Quipu by Arthur Sze

In Arthur Sze’s previous collection, The Redshifting Web, one section of a poem is a catalogue of 30 endangered species:

Deltoid spurge,
red wolf,
ocelot,
green-blossom pearlymussel,
razorback sucker,
wireweed, […]

That’s all it does.

Years ago, I asked Sze how he crafted that list (initially much larger than 30-some). He smiled, shrugged, and said something about trial and error, feeling it through, patience.

This sort of shruggish interiority is exactly what pisses people off about poetry, and I can’t entirely blame them, as I have little articulation of how/why Sze’s work works. But for me, somehow, it does, over and over and over.

Quipu, made of spun and knotted cords, is an Incan “system of record keeping, calculation, and, possibly narratives.” Similarly, the classic Sze poem is a sequenced catalog of images, questions, memories, quotations, imperatives, statistics, names, and sensations, often titled after some natural, cultural, or spiritual phenomena, a cue for how the sections interplay.

But if, as he admits, “Once you begin, / the branching is endless”, how does a reader keep up? What makes these edited transcripts of consciousness compelling? Part is the startling immediacy, the liveness, the devotion to the sensual and memorial now; few poets are as driven by concrete details and the rhythms of thought as Sze, an almost wholly descriptive poet, seemingly obsessed with recording the internal/external worlds.

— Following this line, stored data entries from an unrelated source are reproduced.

(* Let $\mathcal H$, $U$, $\mathcal K$, $P_{\mathcal K}$, $S=(I-P_{\mathcal K})U$, $\Theta_S$ and $\tilde U$ be as in the context. Let $E$ be the spectral measure of $U$, i.e. $\langle (U+zI)(U-zI)^{-1}h_1,h_2\rangle=\int_{\mathbb T}\frac{\xi+z}{\xi-z}\,d\langle E(\xi)h_1,h_2\rangle$ for all $h_1,h_2\in\mathcal H$, $z\in\mathbb D$. Let $B$ be the generalized spectral measure on $\mathcal K$ determined by $$\big\langle (\tilde U+\Theta_S(z))(\tilde U-\Theta_S(z))^{-1}k_1,k_2\big\rangle=\int_{\mathbb T}\frac{\xi+z}{\xi-z}\,d\langle B(\xi)k_1,k_2\rangle\qquad(k_1,k_2\in\mathcal K,\ z\in\mathbb D).$$ Then for every Borel set $\Delta\subset\mathbb T$, $B(\Delta)=P_{\mathcal K}E(\Delta)|_{\mathcal K}$.
   Context: $\mathcal H$ is a complex Hilbert space, $U\in\mathcal B(\mathcal H)$ is unitary, $\mathcal K\subset \mathcal H$ is a closed subspace with orthogonal projection $P_{\mathcal K}$, $S=(I-P_{\mathcal K})U$, and $\tilde U:U^*(\mathcal K)\to\mathcal K$ is the restriction of $U$. For a contraction $T$, $D_T=(I-T^*T)^{1/2}$, $D_{T^*}=(I-TT^* )^{1/2}$, $\mathcal D_T=\overline{D_T\mathcal H}$, $\mathcal D_{T^*}=\overline{D_{T^*}\mathcal H}$, and the characteristic function is $\Theta_T(z)=\big(-T+zD_{T^*}(I-zT^* )^{-1}D_T\big)|_{\mathcal D_T}$, $z\in\mathbb D$; here $\Theta_S(z):U^*(\mathcal K)\to\mathcal K$. A generalized spectral measure on $\mathbb T$ with values in $\mathcal B(\mathcal K)$ is a map $B$ from Borel sets of $\mathbb T$ to positive bounded operators on $\mathcal K$ with $B(\emptyset)=0$, $B(\mathbb T)=I$, and countably additive in the strong operator topology. *)

theory Defs
  imports "HOL-Analysis.Analysis"
begin

class cvec = real_vector +
  fixes scaleC :: "complex \<Rightarrow> 'a \<Rightarrow> 'a"
  assumes scaleC_add_right: "scaleC a (x + y) = scaleC a x + scaleC a y"
    and scaleC_add_left: "scaleC (a + b) x = scaleC a x + scaleC b x"
    and scaleC_scaleC: "scaleC a (scaleC b x) = scaleC (a * b) x"
    and scaleC_one: "scaleC 1 x = x"
    and scaleR_is_scaleC: "scaleR r x = scaleC (complex_of_real r) x"

class cinner_space = cvec + real_normed_vector +
  fixes cinner :: "'a \<Rightarrow> 'a \<Rightarrow> complex"
  assumes cinner_commute: "cinner x y = cnj (cinner y x)"
    and cinner_add_left: "cinner (x + y) z = cinner x z + cinner y z"
    and cinner_scaleC_left: "cinner (scaleC c x) y = c * cinner x y"
    and cinner_real_nonneg: "Im (cinner x x) = 0 \<and> 0 \<le> Re (cinner x x)"
    and cinner_eq_zero_iff: "cinner x x = 0 \<longleftrightarrow> x = 0"
    and norm_eq_sqrt_cinner: "norm x = sqrt (Re (cinner x x))"

class chilbert = cinner_space + complete_space

definition hs_clinear :: "('a::cvec \<Rightarrow> 'b::cvec) \<Rightarrow> bool" where
  "hs_clinear f \<longleftrightarrow> (\<forall>x y. f (x + y) = f x + f y) \<and> (\<forall>c x. f (scaleC c x) = scaleC c (f x))"

definition hs_bounded :: "('a::cinner_space \<Rightarrow> 'b::cinner_space) \<Rightarrow> bool" where
  "hs_bounded f \<longleftrightarrow> hs_clinear f \<and> (\<exists>C. \<forall>x. norm (f x) \<le> C * norm x)"

definition hs_adj :: "('a::chilbert \<Rightarrow> 'a) \<Rightarrow> ('a \<Rightarrow> 'a)" where
  "hs_adj T = (THE T'. \<forall>x y. cinner (T x) y = cinner x (T' y))"

definition hs_unitary :: "('a::chilbert \<Rightarrow> 'a) \<Rightarrow> bool" where
  "hs_unitary U \<longleftrightarrow> hs_bounded U \<and> bij U \<and> (\<forall>x y. cinner (U x) (U y) = cinner x y)"

definition hs_closed_subspace :: "'a::chilbert set \<Rightarrow> bool" where
  "hs_closed_subspace K \<longleftrightarrow> 0 \<in> K \<and> (\<forall>x\<in>K. \<forall>y\<in>K. x + y \<in> K)
      \<and> (\<forall>c. \<forall>x\<in>K. scaleC c x \<in> K) \<and> closed K"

It is this vigilant habit of mind — antennae always up for the correspondence between the plant and animal world and that of human consciousness — that continues to surprise me. The cosmic and the metaphysical are not grand shinings, but accidents that always happen: “Revelation never comes as a fern uncoiling / a frond in mist; it comes when I trip on a root,/slap a mosquito on my arm.” Later, in a similar moment, “As a red snake snags its epidermis, the mind snags, / molts from inside out.” The phenomenology of his work is both pure wonder (such as the child “happy to tilt sand / from her yellow shovel into a blue pail”) and a trigger for memory: “When a car rushes by on a wet road, / he hears a laborer throw sand against a tilted screen / and realizes 23 years ago he threw / sand against a tilted screen”.

Sze’s work is as much a study of rhetoric as an exercise in mindfulness, moving deliberately and hypnotically through a variety of organizing principles. Parts of a poem will exclusively use anaphora (15 straight lines beginning with “because”), epiphora (four straight lines ending with “against a black background”), imagist sentence fragments, questions (“What blooms as briefly as scarlet gaura in sandy soil? […] What hides in the wave of a day?”), imperatives (“say crumpled white papers ripple then burst into yellow twists of flame; / say parallel lines touch in the infinite; / say peel”). And then this curiosity: 42 of the 58 poems/sections are either 18 or 20 lines long.

He’ll make abstract nouns concrete, turn nouns and adjectives into verbs, pronouncing “loss salamanders the body, lagoons the mind”, noting how “red numbers on the clock incarnadine the time”, asking “How incandescent is a grief? […] Where is a passion that orchids the body?” When we reach the erotic chant in “Didyma” — “You yearn for the ocean spray to quicken your eyes, / yearn for the woman you love to sway and rock. / When she sways and rocks, you sway and rock. / When you sway and rock, she sways and rocks” — it is as if all speech becomes action, all thought becomes thing.

A brick-by-brick visionary, modestly accumulating minute details that make up an overpowering unity, Sze has that rare Blakean range from the infinite to the particular: “As spokes to a hub, the very far converges / to the very near.” There are narratives within the poems — a mother’s death, a child’s birth — but I’m glad to be immersed in a kind of reading that is more empirical than expository. Sze is ultimately concerned with the most primary of all relationships: that between the mind and the world. We would do well, on both fronts, if more of us read this most disciplined, innovative, and wakeful poet.